lemma harsanyi_has_sum_Qset:
  fixes v :: "real^'n::finite \<Rightarrow> real"
  assumes taylor: "\<forall>z. ((\<lambda>kappa. Ccoef kappa * nabla v b kappa
                          * (\<Prod>i\<in>UNIV. (z $ i - b $ i) ^ kappa i)) has_sum v z) UNIV"
  shows "((\<lambda>kappa. Ccoef kappa * nabla v b kappa * pi_mon b x' kappa)
           has_sum harsanyi v b x' S) (Qset S)"
proof -
  define f where "f kappa = Ccoef kappa * nabla v b kappa * pi_mon b x' kappa" for kappa :: "'n \<Rightarrow> nat"
  define sign where "sign T = ((-1) ^ (card S - card T) :: real)" for T :: "'n set"
  have masked_series: "((\<lambda>kappa. if {i. kappa i \<noteq> 0} \<subseteq> T then f kappa else 0)
                          has_sum v (masked x' b T)) UNIV" for T :: "'n set"
  proof -
    have "Ccoef kappa * nabla v b kappa * (\<Prod>i\<in>UNIV. (masked x' b T $ i - b $ i) ^ kappa i) =
          (if {i. kappa i \<noteq> 0} \<subseteq> T then f kappa else 0)" for kappa
      by (simp add: monomial_masked f_def)
    then show ?thesis
      using taylor[rule_format, of "masked x' b T"] by simp
  qed
  have "((\<lambda>kappa. \<Sum>T\<in>Pow S. sign T * (if {i. kappa i \<noteq> 0} \<subseteq> T then f kappa else 0))
          has_sum harsanyi v b x' S) UNIV"
    unfolding harsanyi_def sign_def[symmetric]
    by (intro has_sum_sum has_sum_cmult_right masked_series) auto
  moreover have "(\<Sum>T\<in>Pow S. sign T * (if {i. kappa i \<noteq> 0} \<subseteq> T then f kappa else 0)) =
                 (if kappa \<in> Qset S then f kappa else 0)" for kappa :: "'n \<Rightarrow> nat"
  proof -
    have "(\<Sum>T\<in>Pow S. sign T * (if {i. kappa i \<noteq> 0} \<subseteq> T then f kappa else 0)) =
          f kappa * (\<Sum>T\<in>Pow S. sign T * (if {i. kappa i \<noteq> 0} \<subseteq> T then 1 else 0))"
      unfolding sum_distrib_left by (intro sum.cong) (auto simp: mult_ac)
    also have "\<dots> = (if kappa \<in> Qset S then f kappa else 0)"
      unfolding sign_def by (subst sum_Pow_sign_indicator_superset) (auto simp: Qset_iff_support)
    finally show ?thesis .
  qed
  ultimately have "((\<lambda>kappa. if kappa \<in> Qset S then f kappa else 0) has_sum harsanyi v b x' S) UNIV"
    by simp
  then show ?thesis
    unfolding f_def[symmetric]
    by (rule has_sum_cong_neutral[THEN iffD1, rotated -1]) auto
qed

section \<open>Gaussian moments\<close>

lemma gauss_moment_0: "delta > 0 \<Longrightarrow> gauss_moment delta 0 = 1"
  by (simp add: gauss_moment_def)

lemma gauss_moment_odd:
  assumes "delta > 0" "odd j"
  shows "gauss_moment delta j = 0"
proof -
  obtain m where "j = 2 * m + 1" using \<open>odd j\<close> by (elim oddE)
  then show ?thesis
    unfolding gauss_moment_def using integral_normal_moment_odd[OF assms(1), of 0 m] by simp
qed

lemma gauss_moment_even:
  assumes "delta > 0"
  shows "gauss_moment delta (2 * m) = fact (2 * m) / (2 ^ m * fact m) * delta ^ (2 * m)"
proof -
  have "gauss_moment delta (2 * m) = fact (2 * m) / ((2 / delta\<^sup>2) ^ m * fact m)"
    unfolding gauss_moment_def using integral_normal_moment_even[OF assms, of 0 m] by simp
  also have "(2 / delta\<^sup>2) ^ m = 2 ^ m / delta ^ (2 * m)"
    by (simp add: power_divide power_mult)
  finally show ?thesis using assms by (simp add: field_simps)
qed

lemma gauss_moment_even_pos: "delta > 0 \<Longrightarrow> gauss_moment delta (2 * m) > 0"
  by (simp add: gauss_moment_even)

lemma normal_density_mult_affine_power:
  "normal_density 0 delta t * (1 + c * t) ^ k =
     (\<Sum>j\<le>k. real (k choose j) * c ^ j * (normal_density 0 delta t * t ^ j))"
proof -
  have "(1 + c * t) ^ k = (\<Sum>j\<le>k. real (k choose j) * (c * t) ^ j)"
    using binomial_ring[of "c * t" 1 k] by (simp add: add.commute)
  then show ?thesis by (simp add: sum_distrib_left power_mult_distrib mult_ac)
qed

lemma integrable_normal_moment_0:
  "delta > 0 \<Longrightarrow> integrable lborel (\<lambda>t. normal_density 0 delta t * t ^ j)"
  using integrable_normal_moment[of delta 0 j] by simp

lemma integrable_normal_affine_power:
  "delta > 0 \<Longrightarrow> integrable lborel (\<lambda>t. normal_density 0 delta t * (1 + c * t) ^ k)"
  unfolding normal_density_mult_affine_power
  by (intro Bochner_Integration.integrable_sum Bochner_Integration.integrable_mult_right
            integrable_normal_moment_0)

lemma integral_normal_affine_power:
  "delta > 0 \<Longrightarrow> (LINT t|lborel. normal_density 0 delta t * (1 + c * t) ^ k) =
     (\<Sum>j\<le>k. real (k choose j) * c ^ j * gauss_moment delta j)"
  unfolding normal_density_mult_affine_power gauss_moment_def
  by (subst Bochner_Integration.integral_sum)
     (auto intro: Bochner_Integration.integrable_mult_right integrable_normal_moment_0)

lemma sum_atMost_even_nat:
  fixes f :: "nat \<Rightarrow> 'a::comm_monoid_add"
  assumes "\<And>j. odd j \<Longrightarrow> f j = 0"
  shows "(\<Sum>j\<le>2 * k. f j) = (\<Sum>m\<le>k. f (2 * m))"
  by (induction k) (simp_all add: assms)

lemma integral_normal_affine_power_even:
  assumes "delta > 0"
  shows "(LINT t|lborel. normal_density 0 delta t * (1 + c * t) ^ (2 * k)) =
         1 + (\<Sum>m=1..k. real ((2 * k) choose (2 * m)) * c ^ (2 * m) * gauss_moment delta (2 * m))"
proof -
  have "(LINT t|lborel. normal_density 0 delta t * (1 + c * t) ^ (2 * k)) =
        (\<Sum>j\<le>2 * k. real ((2 * k) choose j) * c ^ j * gauss_moment delta j)"
    by (rule integral_normal_affine_power[OF assms])
  also have "\<dots> = (\<Sum>m\<le>k. real ((2 * k) choose (2 * m)) * c ^ (2 * m) * gauss_moment delta (2 * m))"
    by (rule sum_atMost_even_nat) (simp add: gauss_moment_odd[OF assms])
  also have "\<dots> = 1 + (\<Sum>m=1..k. real ((2 * k) choose (2 * m)) * c ^ (2 * m) * gauss_moment delta (2 * m))"
    using assms by (simp add: atMost_atLeast0 sum.atLeast_Suc_atMost gauss_moment_0)
  finally show ?thesis .
qed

Work to be completed: Nothing may be left out. Retype all the entries exactly.

Reply:
lemma harsanyi_has_sum_Qset:
  fixes v :: "real^'n::finite \<Rightarrow> real"
  assumes taylor: "\<forall>z. ((\<lambda>kappa. Ccoef kappa * nabla v b kappa
                          * (\<Prod>i\<in>UNIV. (z $ i - b $ i) ^ kappa i)) has_sum v z) UNIV"
  shows "((\<lambda>kappa. Ccoef kappa * nabla v b kappa * pi_mon b x' kappa)
           has_sum harsanyi v b x' S) (Qset S)"
proof -
  define f where "f kappa = Ccoef kappa * nabla v b kappa * pi_mon b x' kappa" for kappa :: "'n \<Rightarrow> nat"
  define sign where "sign T = ((-1) ^ (card S - card T) :: real)" for T :: "'n set"
  have masked_series: "((\<lambda>kappa. if {i. kappa i \<noteq> 0} \<subseteq> T then f kappa else 0)
                          has_sum v (masked x' b T)) UNIV" for T :: "'n set"
  proof -
    have "Ccoef kappa * nabla v b kappa * (\<Prod>i\<in>UNIV. (masked x' b T $ i - b $ i) ^ kappa i) =
          (if {i. kappa i \<noteq> 0} \<subseteq> T then f kappa else 0)" for kappa
      by (simp add: monomial_masked f_def)
    then show ?thesis
      using taylor[rule_format, of "masked x' b T"] by simp
  qed
  have "((\<lambda>kappa. \<Sum>T\<in>Pow S. sign T * (if {i. kappa i \<noteq> 0} \<subseteq> T then f kappa else 0))
          has_sum harsanyi v b x' S) UNIV"
    unfolding harsanyi_def sign_def[symmetric]
    by (intro has_sum_sum has_sum_cmult_right masked_series) auto
  moreover have "(\<Sum>T\<in>Pow S. sign T * (if {i. kappa i \<noteq> 0} \<subseteq> T then f kappa else 0)) =
                 (if kappa \<in> Qset S then f kappa else 0)" for kappa :: "'n \<Rightarrow> nat"
  proof -
    have "(\<Sum>T\<in>Pow S. sign T * (if {i. kappa i \<noteq> 0} \<subseteq> T then f kappa else 0)) =
          f kappa * (\<Sum>T\<in>Pow S. sign T * (if {i. kappa i \<noteq> 0} \<subseteq> T then 1 else 0))"
      unfolding sum_distrib_left by (intro sum.cong) (auto simp: mult_ac)
    also have "\<dots> = (if kappa \<in> Qset S then f kappa else 0)"
      unfolding sign_def by (subst sum_Pow_sign_indicator_superset) (auto simp: Qset_iff_support)
    finally show ?thesis .
  qed
  ultimately have "((\<lambda>kappa. if kappa \<in> Qset S then f kappa else 0) has_sum harsanyi v b x' S) UNIV"
    by simp
  then show ?thesis
    unfolding f_def[symmetric]
    by (rule has_sum_cong_neutral[THEN iffD1, rotated -1]) auto
qed

section \<open>Gaussian moments\<close>

lemma gauss_moment_0: "delta > 0 \<Longrightarrow> gauss_moment delta 0 = 1"
  by (simp add: gauss_moment_def)

lemma gauss_moment_odd:
  assumes "delta > 0" "odd j"
  shows "gauss_moment delta j = 0"
proof -
  obtain m where "j = 2 * m + 1" using \<open>odd j\<close> by (elim oddE)
  then show ?thesis
    unfolding gauss_moment_def using integral_normal_moment_odd[OF assms(1), of 0 m] by simp
qed

lemma gauss_moment_even:
  assumes "delta > 0"
  shows "gauss_moment delta (2 * m) = fact (2 * m) / (2 ^ m * fact m) * delta ^ (2 * m)"
proof -
  have "gauss_moment delta (2 * m) = fact (2 * m) / ((2 / delta\<^sup>2) ^ m * fact m)"
    unfolding gauss_moment_def using integral_normal_moment_even[OF assms, of 0 m] by simp
  also have "(2 / delta\<^sup>2) ^ m = 2 ^ m / delta ^ (2 * m)"
    by (simp add: power_divide power_mult)
  finally show ?thesis using assms by (simp add: field_simps)
qed

lemma gauss_moment_even_pos: "delta > 0 \<Longrightarrow> gauss_moment delta (2 * m) > 0"
  by (simp add: gauss_moment_even)

lemma normal_density_mult_affine_power:
  "normal_density 0 delta t * (1 + c * t) ^ k =
     (\<Sum>j\<le>k. real (k choose j) * c ^ j * (normal_density 0 delta t * t ^ j))"
proof -
  have "(1 + c * t) ^ k = (\<Sum>j\<le>k. real (k choose j) * (c * t) ^ j)"
    using binomial_ring[of "c * t" 1 k] by (simp add: add.commute)
  then show ?thesis by (simp add: sum_distrib_left power_mult_distrib mult_ac)
qed

lemma integrable_normal_moment_0:
  "delta > 0 \<Longrightarrow> integrable lborel (\<lambda>t. normal_density 0 delta t * t ^ j)"
  using integrable_normal_moment[of delta 0 j] by simp

lemma integrable_normal_affine_power:
  "delta > 0 \<Longrightarrow> integrable lborel (\<lambda>t. normal_density 0 delta t * (1 + c * t) ^ k)"
  unfolding normal_density_mult_affine_power
  by (intro Bochner_Integration.integrable_sum Bochner_Integration.integrable_mult_right
            integrable_normal_moment_0)

lemma integral_normal_affine_power:
  "delta > 0 \<Longrightarrow> (LINT t|lborel. normal_density 0 delta t * (1 + c * t) ^ k) =
     (\<Sum>j\<le>k. real (k choose j) * c ^ j * gauss_moment delta j)"
  unfolding normal_density_mult_affine_power gauss_moment_def
  by (subst Bochner_Integration.integral_sum)
     (auto intro: Bochner_Integration.integrable_mult_right integrable_normal_moment_0)

lemma sum_atMost_even_nat:
  fixes f :: "nat \<Rightarrow> 'a::comm_monoid_add"
  assumes "\<And>j. odd j \<Longrightarrow> f j = 0"
  shows "(\<Sum>j\<le>2 * k. f j) = (\<Sum>m\<le>k. f (2 * m))"
  by (induction k) (simp_all add: assms)

lemma integral_normal_affine_power_even:
  assumes "delta > 0"
  shows "(LINT t|lborel. normal_density 0 delta t * (1 + c * t) ^ (2 * k)) =
         1 + (\<Sum>m=1..k. real ((2 * k) choose (2 * m)) * c ^ (2 * m) * gauss_moment delta (2 * m))"
proof -
  have "(LINT t|lborel. normal_density 0 delta t * (1 + c * t) ^ (2 * k)) =
        (\<Sum>j\<le>2 * k. real ((2 * k) choose j) * c ^ j * gauss_moment delta j)"
    by (rule integral_normal_affine_power[OF assms])
  also have "\<dots> = (\<Sum>m\<le>k. real ((2 * k) choose (2 * m)) * c ^ (2 * m) * gauss_moment delta (2 * m))"
    by (rule sum_atMost_even_nat) (simp add: gauss_moment_odd[OF assms])
  also have "\<dots> = 1 + (\<Sum>m=1..k. real ((2 * k) choose (2 * m)) * c ^ (2 * m) * gauss_moment delta (2 * m))"
    using assms by (simp add: atMost_atLeast0 sum.atLeast_Suc_atMost gauss_moment_0)
  finally show ?thesis .
qed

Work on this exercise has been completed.